*Work task*.
Lines in the listing below containing the string "nexists" are to be identified and copied.

*Data for this exercise*.
○ ○ ○ ○ ○ ○ ○

(* Consider the following iteration (Kaczmarz method with line-search), started at $x_0\in\mathbb{R}^n$: for $k=0,1,2,\ldots$, set $d=P(x_k)-x_k$ and $\delta=\|d\|^2$; if $\delta=0$, terminate and return $x_k$; otherwise set $\rho=\|r(x_k)\|^2$, $s=\frac12+\frac{\rho}{2\delta}$ and $x_{k+1}=x_k+sd$. Then either the iteration terminates after finitely many steps and returns some $x_k$ with $Ax_k=b$, or it generates a well-defined infinite sequence $(x_k)_k$ such that for all $k$ and all $x^*\in\mathbb{R}^n$ with $Ax^*=b$: \[x_{k+1}=\operatorname{argmin}_{\xi\in\operatorname{aff}(x_k,P(x_k))}\|\xi-x^*\|^2,\qquad \|x_k-x^*\|^2-\|x_{k+1}-x^*\|^2=\frac{(\|r(x_k)\|^2+\|P(x_k)-x_k\|^2)^2}{4\|P(x_k)-x_k\|^2},\] and in particular $\|x_{k+1}-x^*\|^2\le\|P(x_k)-x^*\|^2$.
   Context: Let $A=(a_1,\ldots,a_m)^T\in\mathbb{R}^{m\times n}$ with rows $a_j\in\mathbb{R}^n\setminus\{0\}$, and let $b\in\mathbb{R}^m$ lie in the range of $A$. Norms are Euclidean. For $j=1,\ldots,m$ define the projectors $P_j:\mathbb{R}^n\to\mathbb{R}^n$, $P_j(x)=\big(I-\frac{a_ja_j^T}{\|a_j\|^2}\big)x+\frac{b_j}{\|a_j\|^2}a_j$ (the orthogonal projection onto $\{z:a_j^Tz=b_j\}$), and the Kaczmarz cycle $P=P_m\circ\cdots\circ P_1$. The residual $r:\mathbb{R}^n\to\mathbb{R}^m$ is defined by $r_1(x)=(a_1^Tx-b_1)/\|a_1\|$ and $r_j(x)=(a_j^T(P_{j-1}\circ\cdots\circ P_1)(x)-b_j)/\|a_j\|$ for $j=2,\ldots,m$. $\operatorname{aff}(\cdot)$ denotes the affine hull. *)

theory Defs
  imports "HOL-Analysis.Analysis"
begin

text \<open>Rows are indexed 0..m-1: row j of A is a j, right-hand side b j.\<close>

definition proj :: "(nat \<Rightarrow> real^'n) \<Rightarrow> (nat \<Rightarrow> real) \<Rightarrow> nat \<Rightarrow> real^'n \<Rightarrow> real^'n" where
  "proj a b j x = x - ((inner (a j) x) / (norm (a j))^2) *\<^sub>R a j + (b j / (norm (a j))^2) *\<^sub>R a j"

fun cyc :: "(nat \<Rightarrow> real^'n) \<Rightarrow> (nat \<Rightarrow> real) \<Rightarrow> nat \<Rightarrow> real^'n \<Rightarrow> real^'n" where
  "cyc a b 0 x = x"
| "cyc a b (Suc k) x = proj a b k (cyc a b k x)"

definition kcycle :: "nat \<Rightarrow> (nat \<Rightarrow> real^'n) \<Rightarrow> (nat \<Rightarrow> real) \<Rightarrow> real^'n \<Rightarrow> real^'n" where
  "kcycle m a b x = cyc a b m x"

definition resid :: "(nat \<Rightarrow> real^'n) \<Rightarrow> (nat \<Rightarrow> real) \<Rightarrow> nat \<Rightarrow> real^'n \<Rightarrow> real" where
  "resid a b j x = (inner (a j) (cyc a b j x) - b j) / norm (a j)"

definition resid_sq :: "nat \<Rightarrow> (nat \<Rightarrow> real^'n) \<Rightarrow> (nat \<Rightarrow> real) \<Rightarrow> real^'n \<Rightarrow> real" where
  "resid_sq m a b x = (\<Sum>j<m. (resid a b j x)^2)"

text \<open>one step of Kaczmarz with line search (used only when delta \<noteq> 0)\<close>
definition ls_step :: "nat \<Rightarrow> (nat \<Rightarrow> real^'n) \<Rightarrow> (nat \<Rightarrow> real) \<Rightarrow> real^'n \<Rightarrow> real^'n" where
  "ls_step m a b x =
     (let d = kcycle m a b x - x; \<delta> = (norm d)^2; \<rho> = resid_sq m a b x;
          s = 1/2 + \<rho> / (2 * \<delta>)
      in x + s *\<^sub>R d)"

definition ls_iter :: "nat \<Rightarrow> (nat \<Rightarrow> real^'n) \<Rightarrow> (nat \<Rightarrow> real) \<Rightarrow> real^'n \<Rightarrow> nat \<Rightarrow> real^'n" where
  "ls_iter m a b x0 k = (ls_step m a b ^^ k) x0"

end

theory Submission
  imports Defs
begin

text \<open>Each \<open>P\<^sub>j\<close> projects orthogonally onto a hyperplane containing the solution
  \<open>x\<^sup>*\<close>, so by Pythagoras one cycle decreases \<open>\<parallel>x - x\<^sup>*\<parallel>\<^sup>2\<close> by exactly \<open>\<rho> = \<parallel>r(x)\<parallel>\<^sup>2\<close>.
  Expanding \<open>\<parallel>P(x) - x\<^sup>*\<parallel>\<^sup>2\<close> around \<open>x\<close> then gives
  \<open>\<langle>x - x\<^sup>*, d\<rangle> = -(\<rho> + \<delta>)/2\<close> for \<open>d = P(x) - x\<close>, \<open>\<delta> = \<parallel>d\<parallel>\<^sup>2\<close>, which is
  all that is needed to locate the foot of the perpendicular from \<open>x\<^sup>*\<close> to the line
  through \<open>x\<close> and \<open>P(x)\<close>: it is \<open>x + s d\<close> with \<open>s = 1/2 + \<rho>/(2\<delta>)\<close>, computable
  without knowing \<open>x\<^sup>*\<close>. A fixed point of \<open>P\<close> has zero residual and hence solves
  \<open>Ax = b\<close>.\<close>

lemma arg_min_eqI:
  fixes f :: "'a \<Rightarrow> 'b::linorder"
  assumes "P a" and "\<And>y. P y \<Longrightarrow> y \<noteq> a \<Longrightarrow> f a < f y"
  shows "arg_min f P = a"
  unfolding arg_min_def is_arg_min_def
proof (rule some_equality)
  show "P a \<and> (\<nexists>y. P y \<and> f y < f a)"
    using assms by (metis less_asym)
  show "x = a" if "P x \<and> (\<nexists>y. P y \<and> f y < f x)" for x
    using assms that by blast
qed

lemma norm_sq_along_orthogonal:
  fixes y z d :: "'a::real_inner"
  assumes "inner (y - z) d = 0"
  shows "(norm (y + t *\<^sub>R d - z))\<^sup>2 = (norm (y - z))\<^sup>2 + t\<^sup>2 * (norm d)\<^sup>2"
proof -
  have "orthogonal (y - z) (t *\<^sub>R d)"
    using assms by (simp add: orthogonal_def)
  then have "(norm ((y - z) + t *\<^sub>R d))\<^sup>2 = (norm (y - z))\<^sup>2 + (norm (t *\<^sub>R d))\<^sup>2"
    by (rule norm_add_Pythagorean)
  then show ?thesis
    by (simp add: algebra_simps power_mult_distrib)
qed

lemma arg_min_dist_affine_hull_2:
  fixes p q y z :: "'a::real_inner"
  assumes "p \<noteq> q" and "y \<in> affine hull {p, q}" and "inner (y - z) (q - p) = 0"
  shows "(ARG_MIN (\<lambda>\<xi>. (norm (\<xi> - z))\<^sup>2) \<xi>. \<xi> \<in> affine hull {p, q}) = y"
proof (rule arg_min_eqI)
  show "y \<in> affine hull {p, q}" by fact
  fix \<xi> assume "\<xi> \<in> affine hull {p, q}" and "\<xi> \<noteq> y"
  then obtain s t where y: "y = p + s *\<^sub>R (q - p)" and \<xi>: "\<xi> = p + t *\<^sub>R (q - p)"
    using assms(2) unfolding affine_hull_2_alt by auto
  have "\<xi> = y + (t - s) *\<^sub>R (q - p)"
    unfolding y \<xi> by (simp add: algebra_simps)
  then have "(norm (\<xi> - z))\<^sup>2 = (norm (y - z))\<^sup>2 + (t - s)\<^sup>2 * (norm (q - p))\<^sup>2"
    using norm_sq_along_orthogonal[OF assms(3)] by simp
  moreover have "t \<noteq> s" using \<open>\<xi> \<noteq> y\<close> y \<xi> by auto
  ultimately show "(norm (y - z))\<^sup>2 < (norm (\<xi> - z))\<^sup>2"
    using assms(1) by simp
qed

lemma line_search_step:
  fixes p q z :: "'a::real_inner"
  defines "\<delta> \<equiv> (norm (q - p))\<^sup>2"
  assumes "p \<noteq> q" and \<rho>: "(norm (p - z))\<^sup>2 - (norm (q - z))\<^sup>2 = \<rho>"
  defines "y \<equiv> p + (1/2 + \<rho> / (2 * \<delta>)) *\<^sub>R (q - p)"
  shows "y = (ARG_MIN (\<lambda>\<xi>. (norm (\<xi> - z))\<^sup>2) \<xi>. \<xi> \<in> affine hull {p, q})"
    and "(norm (p - z))\<^sup>2 - (norm (y - z))\<^sup>2 = (\<rho> + \<delta>)\<^sup>2 / (4 * \<delta>)"
    and "(norm (y - z))\<^sup>2 \<le> (norm (q - z))\<^sup>2"
proof -
  define d where "d = q - p"
  define s where "s = 1/2 + \<rho> / (2 * \<delta>)"
  have \<delta>_pos: "\<delta> > 0" and \<delta>_d: "\<delta> = inner d d"
    using \<open>p \<noteq> q\<close> unfolding \<delta>_def d_def by (simp_all add: power2_norm_eq_inner)
  have y: "y = p + s *\<^sub>R d" unfolding y_def s_def d_def ..
  have "(norm (q - z))\<^sup>2 = (norm (p - z))\<^sup>2 + 2 * inner (p - z) d + \<delta>"
    unfolding \<delta>_d d_def power2_norm_eq_inner by (simp add: algebra_simps inner_commute)
  then have "inner (p - z) d = - (\<rho> + \<delta>) / 2" using \<rho> by simp
  moreover have "s * \<delta> = (\<rho> + \<delta>) / 2" unfolding s_def using \<delta>_pos by (simp add: field_simps)
  ultimately have orth: "inner (y - z) d = 0"
    unfolding y \<delta>_d by (simp add: algebra_simps)
  have along: "(norm (y + t *\<^sub>R d - z))\<^sup>2 = (norm (y - z))\<^sup>2 + t\<^sup>2 * \<delta>" for t
    unfolding \<delta>_def d_def[symmetric] by (rule norm_sq_along_orthogonal[OF orth])
  have "y \<in> affine hull {p, q}" unfolding y d_def affine_hull_2_alt by (rule rangeI)
  then show "y = (ARG_MIN (\<lambda>\<xi>. (norm (\<xi> - z))\<^sup>2) \<xi>. \<xi> \<in> affine hull {p, q})"
    using arg_min_dist_affine_hull_2[OF \<open>p \<noteq> q\<close>] orth unfolding d_def by simp
  have "(norm (p - z))\<^sup>2 = (norm (y - z))\<^sup>2 + s\<^sup>2 * \<delta>"
    using along[of "-s"] unfolding y by simp
  moreover have "s\<^sup>2 * \<delta> = (\<rho> + \<delta>)\<^sup>2 / (4 * \<delta>)"
    using \<delta>_pos unfolding s_def by (simp add: power2_eq_square field_simps)
  ultimately show "(norm (p - z))\<^sup>2 - (norm (y - z))\<^sup>2 = (\<rho> + \<delta>)\<^sup>2 / (4 * \<delta>)"
    by simp
  have "(norm (q - z))\<^sup>2 = (norm (y - z))\<^sup>2 + (1 - s)\<^sup>2 * \<delta>"
    using along[of "1 - s"] unfolding y d_def by (simp add: algebra_simps)
  then show "(norm (y - z))\<^sup>2 \<le> (norm (q - z))\<^sup>2"
    using \<delta>_pos by simp
qed

lemma proj_pythagoras:
  assumes "a j \<noteq> 0" and "inner (a j) z = b j"
  shows "(norm (y - z))\<^sup>2 = (norm (proj a b j y - z))\<^sup>2 + ((inner (a j) y - b j) / norm (a j))\<^sup>2"
proof -
  define c where "c = (inner (a j) y - b j) / (norm (a j))\<^sup>2"
  have proj: "proj a b j y = y - c *\<^sub>R a j"
    unfolding proj_def c_def by (simp add: diff_divide_distrib scaleR_diff_left)
  have "inner (proj a b j y - z) (a j) = inner (a j) y - c * (norm (a j))\<^sup>2 - inner (a j) z"
    unfolding proj by (simp add: inner_diff_left inner_diff_right inner_commute power2_norm_eq_inner)
  also have "\<dots> = 0"
    using assms unfolding c_def by simp
  finally have "(norm (proj a b j y + c *\<^sub>R a j - z))\<^sup>2
      = (norm (proj a b j y - z))\<^sup>2 + c\<^sup>2 * (norm (a j))\<^sup>2"
    by (rule norm_sq_along_orthogonal)
  also have "c\<^sup>2 * (norm (a j))\<^sup>2 = ((inner (a j) y - b j) / norm (a j))\<^sup>2"
    using assms(1) unfolding c_def by (simp add: power_divide power2_eq_square)
  finally show ?thesis
    unfolding proj by simp
qed

lemma norm_sq_cyc_decrease:
  assumes "\<forall>j<m. a j \<noteq> 0" and "\<forall>j<m. inner (a j) z = b j" and "k \<le> m"
  shows "(norm (x - z))\<^sup>2 - (norm (cyc a b k x - z))\<^sup>2 = (\<Sum>j<k. (resid a b j x)\<^sup>2)"
  using \<open>k \<le> m\<close>
proof (induction k)
  case 0
  then show ?case by simp
next
  case (Suc k)
  then have "k < m" by simp
  then have "(norm (cyc a b k x - z))\<^sup>2 = (norm (cyc a b (Suc k) x - z))\<^sup>2 + (resid a b k x)\<^sup>2"
    using proj_pythagoras[of a k z b "cyc a b k x"] assms(1,2) unfolding resid_def by simp
  then show ?case
    using Suc by simp
qed

lemma norm_sq_kcycle_decrease:
  assumes "\<forall>j<m. a j \<noteq> 0" and "\<forall>j<m. inner (a j) z = b j"
  shows "(norm (x - z))\<^sup>2 - (norm (kcycle m a b x - z))\<^sup>2 = resid_sq m a b x"
  using norm_sq_cyc_decrease[OF assms order_refl]
  unfolding kcycle_def resid_sq_def by simp

lemma kcycle_fixed_imp_solution:
  assumes nz: "\<forall>j<m. a j \<noteq> 0" and "\<forall>j<m. inner (a j) z = b j"
    and fixed: "kcycle m a b x = x"
  shows "\<forall>j<m. inner (a j) x = b j"
proof -
  have "resid_sq m a b x = 0"
    using norm_sq_kcycle_decrease[OF assms(1,2), of x] fixed by simp
  then have "\<forall>j<m. resid a b j x = 0"
    unfolding resid_sq_def by (simp add: sum_nonneg_eq_0_iff)
  then have sat: "inner (a j) (cyc a b j x) = b j" if "j < m" for j
    using nz that unfolding resid_def by simp
  have "cyc a b k x = x" if "k \<le> m" for k
    using that
  proof (induction k)
    case 0
    then show ?case by simp
  next
    case (Suc k)
    then have "inner (a k) x = b k" using sat[of k] by simp
    then show ?case using Suc by (simp add: proj_def)
  qed
  then show ?thesis
    using sat by simp
qed

lemma ls_step_props:
  assumes "\<forall>j<m. a j \<noteq> 0" and "\<forall>j<m. inner (a j) z = b j"
    and "kcycle m a b x \<noteq> x"
  shows "ls_step m a b x = (ARG_MIN (\<lambda>\<xi>. (norm (\<xi> - z))\<^sup>2) \<xi>. \<xi> \<in> affine hull {x, kcycle m a b x})
      \<and> (norm (x - z))\<^sup>2 - (norm (ls_step m a b x - z))\<^sup>2
          = (resid_sq m a b x + (norm (kcycle m a b x - x))\<^sup>2)\<^sup>2 / (4 * (norm (kcycle m a b x - x))\<^sup>2)
      \<and> (norm (ls_step m a b x - z))\<^sup>2 \<le> (norm (kcycle m a b x - z))\<^sup>2"
  using line_search_step[OF assms(3)[symmetric] norm_sq_kcycle_decrease[OF assms(1,2)]]
  unfolding ls_step_def Let_def by blast

lemma ls_iter_Suc: "ls_iter m a b x0 (Suc k) = ls_step m a b (ls_iter m a b x0 k)"
  unfolding ls_iter_def by simp

theorem corollary5:
  fixes m :: nat and a :: "nat \<Rightarrow> real^'n" and b :: "nat \<Rightarrow> real" and x0 :: "real^'n"
  assumes rows_nz: "\<forall>j<m. a j \<noteq> 0"
    and b_range: "\<exists>z. \<forall>j<m. inner (a j) z = b j"
  shows "(\<exists>k. (\<forall>i<k. kcycle m a b (ls_iter m a b x0 i) \<noteq> ls_iter m a b x0 i)
              \<and> kcycle m a b (ls_iter m a b x0 k) = ls_iter m a b x0 k
              \<and> (\<forall>j<m. inner (a j) (ls_iter m a b x0 k) = b j))
       \<or> ((\<forall>k. kcycle m a b (ls_iter m a b x0 k) \<noteq> ls_iter m a b x0 k)
          \<and> (\<forall>k xs. (\<forall>j<m. inner (a j) xs = b j) \<longrightarrow>
               (let xk = ls_iter m a b x0 k; xk1 = ls_iter m a b x0 (Suc k);
                    Pk = kcycle m a b xk
                in xk1 = (ARG_MIN (\<lambda>\<xi>. (norm (\<xi> - xs))^2) \<xi>. \<xi> \<in> affine hull {xk, Pk})
                 \<and> (norm (xk - xs))^2 - (norm (xk1 - xs))^2
                     = (resid_sq m a b xk + (norm (Pk - xk))^2)^2 / (4 * (norm (Pk - xk))^2)
                 \<and> (norm (xk1 - xs))^2 \<le> (norm (Pk - xs))^2)))"
  (is "(\<exists>k. (\<forall>i<k. \<not> ?fixed i) \<and> ?fixed k \<and> _) \<or> _")
proof (cases "\<exists>k. ?fixed k")
  case True
  obtain z where z: "\<forall>j<m. inner (a j) z = b j" using b_range by blast
  define k where "k = (LEAST k. ?fixed k)"
  have "?fixed k" unfolding k_def using True by (rule LeastI_ex)
  moreover have "\<forall>i<k. \<not> ?fixed i" unfolding k_def using not_less_Least by blast
  ultimately show ?thesis
    using kcycle_fixed_imp_solution[OF rows_nz z] by blast
next
  case False
  then have "\<forall>k. \<not> ?fixed k" by blast
  then show ?thesis
    using ls_step_props[OF rows_nz] unfolding Let_def ls_iter_Suc by blast
qed

end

○ ○ ○ ○ ○ ○ ○

*Completed exercise*.
  show "P a \<and> (\<nexists>y. P y \<and> f y < f a)"
  show "x = a" if "P x \<and> (\<nexists>y. P y \<and> f y < f x)" for x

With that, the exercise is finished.